Это была правда. На все хитроумные устройства слежки, разработанные, кстати сказать, в недрах исследовательского отдела УИБ, были созданы соответствующие блокираторы. Самым надежным способом до сих пор считалась старая добрая визуальная слежка. Даже Винсенту, прошедшему курсы специальной подготовки, пришлось изрядно попотеть, прежде чем он стряхнул с хвоста всех пятерых «топтунов» кардинала.

– Я хотел бы знать, где вы провели эти четыре с половиной часа. И хорошенько подумайте, прежде чем ответите, ибо от того, что вы скажете, будет зависеть, в каком направлении вы покинете это здание. И в каком качестве.

– Вам вряд ли понравится мой ответ, – сказал Винсент. – Видите ли, дело в том, что эти четыре с половиной часа я удовлетворял некоторые физиологические потребности своего организма. Предавался похоти и разврату в борделе, так сказать.

– Вы напрасно иронизируете, полковник, – заявил кардинал. – Прелюбодеяние является одним из тяжких грехов, и я отнюдь не счастлив, что человек вашего ранга проводит время в публичном доме.

– Может, вам стоит кастрировать всех людей моего ранга? – поинтересовался Винсент. – Это было бы гораздо дешевле, чем искать нам замену со стороны.

Его отпустили через сорок минут. Даже вернули оружие. Кардинал Джанини вынес ему «последнее предупреждение». Что ж, оно того стоило, подумал Винсент. Он надеялся, что это их предпоследний разговор с кардиналом. А во время последнего разговора сидеть и угрожать будет уже сам Винсент.


Изабелла прекрасно понимала, в каком качестве ее оставили на прежней работе. Она была заложницей, гарантией хорошего поведения высланного с планеты Клозе.

Она не сомневалась, что с большим удовольствием Рокуэлл не остановился бы на полумерах и отдал бы приказ о физической ликвидации Клозе, но император просто не решился сделать это сразу по приходе к власти. В то время это вызвало бы слишком большой общественный резонанс.

При Юлии Клозе был не только видным государственным деятелем, он был любимцем народа, одним из немногих героев этой войны. Его несколько раз записывали в ряды мертвых, но он каждый раз возвращался оттуда, откуда его возвращения не мог ждать уже никто.

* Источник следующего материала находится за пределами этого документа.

text \<open>Completing the square in the exponent, \<open>a y - (y - \<mu>)\<^sup>2 / (2 \<sigma>\<^sup>2)\<close> is maximal at
  \<open>y = \<mu> + a \<sigma>\<^sup>2\<close>; here \<open>y = ln t\<close>.\<close>
lemma lognormal_density_powr_le:
  assumes "0 < t"
  shows "t powr a * lognormal_density \<mu> \<sigma> t
    \<le> exp ((a - 1) * \<mu> + (a - 1)\<^sup>2 * \<sigma>\<^sup>2 / 2) / (\<sigma> * sqrt (2 * pi))"
proof -
  have square: "k * y - (y - \<mu>)\<^sup>2 / (2 * \<sigma>\<^sup>2) \<le> k * \<mu> + k\<^sup>2 * \<sigma>\<^sup>2 / 2" for k y
  proof -
    have "(k * \<mu> + k\<^sup>2 * \<sigma>\<^sup>2 / 2) - (k * y - (y - \<mu>)\<^sup>2 / (2 * \<sigma>\<^sup>2))
        = (y - \<mu> - k * \<sigma>\<^sup>2)\<^sup>2 / (2 * \<sigma>\<^sup>2)"
      using \<sigma>_pos by (simp add: divide_simps power2_eq_square) (simp add: algebra_simps)
    then show ?thesis
      by (smt (verit) divide_nonneg_pos zero_le_power2 \<sigma>_pos zero_less_power)
  qed
  have inv: "1 / t = exp (- ln t)"
    using assms by (simp add: exp_minus inverse_eq_divide)
  have "t powr a * lognormal_density \<mu> \<sigma> t
      = exp (a * ln t) * exp (- ln t) * exp (- (ln t - \<mu>)\<^sup>2 / (2 * \<sigma>\<^sup>2)) / (\<sigma> * sqrt (2 * pi))"
    using assms \<sigma>_pos by (simp add: lognormal_density_def powr_def inv[symmetric] field_simps)
  also have "\<dots> = exp ((a - 1) * ln t - (ln t - \<mu>)\<^sup>2 / (2 * \<sigma>\<^sup>2)) / (\<sigma> * sqrt (2 * pi))"
    by (simp add: exp_add[symmetric] exp_diff algebra_simps)
  also have "\<dots> \<le> exp ((a - 1) * \<mu> + (a - 1)\<^sup>2 * \<sigma>\<^sup>2 / 2) / (\<sigma> * sqrt (2 * pi))"
    using \<sigma>_pos square[of "a - 1" "ln t"] by (intro divide_right_mono) auto
  finally show ?thesis .
qed

lemma lognormal_density_le_linear: "\<exists>C. \<forall>x. lognormal_density \<mu> \<sigma> x \<le> C * \<bar>x\<bar>"
proof (intro exI allI)
  define C where "C = exp ((-1 - 1) * \<mu> + (-1 - 1)\<^sup>2 * \<sigma>\<^sup>2 / 2) / (\<sigma> * sqrt (2 * pi))"
  fix x :: real
  show "lognormal_density \<mu> \<sigma> x \<le> C * \<bar>x\<bar>"
  proof (cases "0 < x")
    case True
    have "x powr (-1) * lognormal_density \<mu> \<sigma> x \<le> C"
      using lognormal_density_powr_le[OF True, of "-1"] by (simp add: C_def)
    then have "lognormal_density \<mu> \<sigma> x / x \<le> C"
      using True by (simp add: powr_minus divide_inverse mult.commute)
    then show ?thesis
      using True by (simp add: divide_le_eq mult.commute)
  next
    case False
    have "0 \<le> C"
      using \<sigma>_pos by (simp add: C_def)
    then show ?thesis
      using False by (simp add: lognormal_density_eq_0 mult_nonneg_nonpos)
  qed
qed

lemma continuous_lognormal_density: "continuous_on UNIV (lognormal_density \<mu> \<sigma>)"
proof -
  have "isCont (lognormal_density \<mu> \<sigma>) t" for t
  proof (cases t "0 :: real" rule: linorder_cases)
    case greater
    have "continuous_on {0<..} (\<lambda>t. 1 / (t * \<sigma> * sqrt (2 * pi)) * exp (- (ln t - \<mu>)\<^sup>2 / (2 * \<sigma>\<^sup>2)))"
      using \<sigma>_pos by (intro continuous_intros) auto
    then have "continuous_on {0<..} (lognormal_density \<mu> \<sigma>)"
      by (rule continuous_on_eq) (simp add: lognormal_density_def)
    then show ?thesis
      using greater by (simp add: continuous_on_eq_continuous_at)
  next
    case less
    have "continuous_on {..<0} (lognormal_density \<mu> \<sigma>)"
      by (rule continuous_on_eq[of _ "\<lambda>_. 0"]) (auto simp: lognormal_density_eq_0)
    then show ?thesis
      using less by (simp add: continuous_on_eq_continuous_at)
  next
    case equal
    obtain C where bound: "\<And>x. lognormal_density \<mu> \<sigma> x \<le> C * \<bar>x\<bar>"
      using lognormal_density_le_linear by blast
    have "((\<lambda>x. C * \<bar>x\<bar>) \<longlongrightarrow> C * \<bar>0\<bar>) (at 0)"
      by (intro tendsto_intros)
    then have "((\<lambda>x. C * \<bar>x\<bar>) \<longlongrightarrow> 0) (at 0)"
      by simp
    then have "(lognormal_density \<mu> \<sigma> \<longlongrightarrow> 0) (at 0)"
      by (rule Lim_null_comparison[rotated]) (auto simp: lognormal_density_nonneg bound)
    then show ?thesis
      using equal by (simp add: isCont_def lognormal_density_eq_0)
  qed
  then show ?thesis
    by (simp add: continuous_at_imp_continuous_on)
qed

lemma integrable_lognormal_density: "lognormal_density \<mu> \<sigma> integrable_on {a..b}"
  by (intro integrable_continuous_interval continuous_on_subset[OF continuous_lognormal_density]) simp

lemma integral_lognormal_density_split:
  "0 \<le> u \<Longrightarrow> u \<le> t \<Longrightarrow> integral {0..t} (lognormal_density \<mu> \<sigma>)
    = integral {0..u} (lognormal_density \<mu> \<sigma>) + integral {u..t} (lognormal_density \<mu> \<sigma>)"
  by (intro Henstock_Kurzweil_Integration.integral_combine[symmetric] integrable_lognormal_density)

lemma integral_lognormal_density_nonneg: "0 \<le> integral {u..t} (lognormal_density \<mu> \<sigma>)"
  by (intro Henstock_Kurzweil_Integration.integral_nonneg integrable_lognormal_density
      lognormal_density_nonneg)

lemma integral_lognormal_density_ln:
  assumes "0 < u" "u \<le> t"
  shows "integral {u..t} (lognormal_density \<mu> \<sigma>) = integral {ln u..ln t} (normal_density \<mu> \<sigma>)"
proof -
  have "((\<lambda>x. (1 / x) *\<^sub>R normal_density \<mu> \<sigma> (ln x)) has_integral
      integral {ln u..ln t} (normal_density \<mu> \<sigma>)) {u..t}"
  proof (rule has_integral_substitution[of u t ln "ln u" "ln t"])
    show "continuous_on {ln u..ln t} (normal_density \<mu> \<sigma>)"
      unfolding normal_density_def using \<sigma>_pos by (intro continuous_intros) auto
    show "(ln has_real_derivative 1 / x) (at x within {u..t})" if "x \<in> {u..t}" for x
      using that assms by (auto intro!: derivative_eq_intros)
  qed (use assms in \<open>auto intro!: continuous_intros\<close>)
  moreover have "(1 / x) *\<^sub>R normal_density \<mu> \<sigma> (ln x) = lognormal_density \<mu> \<sigma> x"
    if "x \<in> {u..t}" for x
  proof -
    have "sqrt (2 * pi * \<sigma>\<^sup>2) = \<sigma> * sqrt (2 * pi)"
      using \<sigma>_pos by (simp add: real_sqrt_mult)
    then show ?thesis
      using that assms \<sigma>_pos by (simp add: normal_density_def lognormal_density_def)
  qed
  ultimately show ?thesis
    by (intro integral_unique) (rule has_integral_eq[rotated])
qed

lemma normal_density_has_integral_1: "(normal_density \<mu> \<sigma> has_integral 1) UNIV"
  using has_integral_integral_lborel[OF integrable_normal_density] \<sigma>_pos by simp

lemma integral_normal_density_le_1: "integral {a..b} (normal_density \<mu> \<sigma>) \<le> 1"
proof -
  have "continuous_on UNIV (normal_density \<mu> \<sigma>)"
    unfolding normal_density_def using \<sigma>_pos by (intro continuous_intros) auto
  then have "integral {a..b} (normal_density \<mu> \<sigma>) \<le> integral UNIV (normal_density \<mu> \<sigma>)"
    using normal_density_has_integral_1
    by (intro integral_subset_le) (auto intro: integrable_continuous_interval continuous_on_subset)
  then show ?thesis
    using integral_unique[OF normal_density_has_integral_1] by simp
qed

lemma lognormal_cdf_le_1: "integral {0..t} (lognormal_density \<mu> \<sigma>) \<le> 1"
proof (cases "0 < t")
  case True
  show ?thesis
  proof (rule field_le_epsilon)
    fix e :: real assume "0 < e"
    have "continuous_on {0..t} (\<lambda>u. integral {0..u} (lognormal_density \<mu> \<sigma>))"
      by (rule indefinite_integral_continuous_1[OF integrable_lognormal_density])
    moreover have "0 \<in> {0..t}"
      using \<open>0 < t\<close> by simp
    ultimately obtain d where "0 < d" and d: "\<And>u. u \<in> {0..t} \<Longrightarrow> dist u 0 < d \<Longrightarrow>
        dist (integral {0..u} (lognormal_density \<mu> \<sigma>)) (integral {0..0} (lognormal_density \<mu> \<sigma>)) < e"
      using \<open>0 < e\<close> unfolding continuous_on_iff by blast
    define u where "u = min t (d / 2)"
    have u: "0 < u" "u \<le> t" "dist u 0 < d"
      using \<open>0 < d\<close> \<open>0 < t\<close> by (auto simp: u_def)
    have "integral {0..t} (lognormal_density \<mu> \<sigma>)
        = integral {0..u} (lognormal_density \<mu> \<sigma>) + integral {ln u..ln t} (normal_density \<mu> \<sigma>)"
      using u by (simp add: integral_lognormal_density_split[of u t] integral_lognormal_density_ln)
    also have "\<dots> \<le> e + 1"
      using d[of u] u integral_normal_density_le_1 by (intro add_mono) (auto simp: dist_real_def)
    finally show "integral {0..t} (lognormal_density \<mu> \<sigma>) \<le> 1 + e"
      by simp
  qed
next
  case False
  then have "integral {0..t} (lognormal_density \<mu> \<sigma>) = 0"
    by (cases "t = 0") auto
  then show ?thesis
    by simp
qed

Способности Клозе к выживанию были просто феноменальны. Изабелла не сомневалась, что если из всего небольшого соединения вице-адмирала Рикельми выживет только один человек, то этим человеком будет Генрих.

Но она все равно волновалась за него больше, чем за себя. У Клозе были враги и помимо таргов, и рано или поздно, но его хваленая живучесть могла дать сбой.

Изабелла закончила работу с документом, сохранила файл и посмотрела в окно. С этого этажа видно было только небольшую часть Лондона, но на самом деле вид из окна Изабеллу вовсе не интересовал.

Она слишком устала. Устала ждать, устала бояться, устала ловить сочувственные взгляды одних сотрудников и ненавидящие взгляды других.

Ей сочувствовали, потому что она была женщиной Раптора. По этой же причине ее и боялись. Здесь всем было наплевать на ее профессиональные качества, и работа, которую она выполняла, служила только для того, чтобы заполнить время.

Она пленница, которой некуда бежать. Раз она не могла найти Клозе, оставалось только ждать, пока Клозе найдет ее.

ГЛАВА 5

Дорога на Землю должна была занять чуть меньше пяти дней. Клозе сумел бы добраться быстрее, сядь он сам за управляющие джойстики, но у него имелись более серьезные дела. Например, ознакомиться с планом восстания, разработанным адмиралом Крузом и бывшим директором УИБ Винсентом Коллоджерро.

Ключевых моментов оказалось не так уж много.

Первым, и самым главным, фактором в плане значилось физическое устранение Максимилиана Первого. Клозе счел, что это разумно. Император, хороший или плохой, это знамя. Лиши противника знамени – и за что он будет драться?

К сожалению, этот пункт был и самым сложным для исполнения. Охрану императора теперь осуществляло не УИБ, как это было на протяжении четырехсот лет, а специальное подразделение МДВ, прозванное «серыми паладинами» за цвет своих мундиров, или, что куда более романтично, «ангелами смерти». Бывшие спецназовцы, вооруженные по последнему слову техники. Такой заслон будет нелегко пройти даже специально обученным диверсантам УИБ.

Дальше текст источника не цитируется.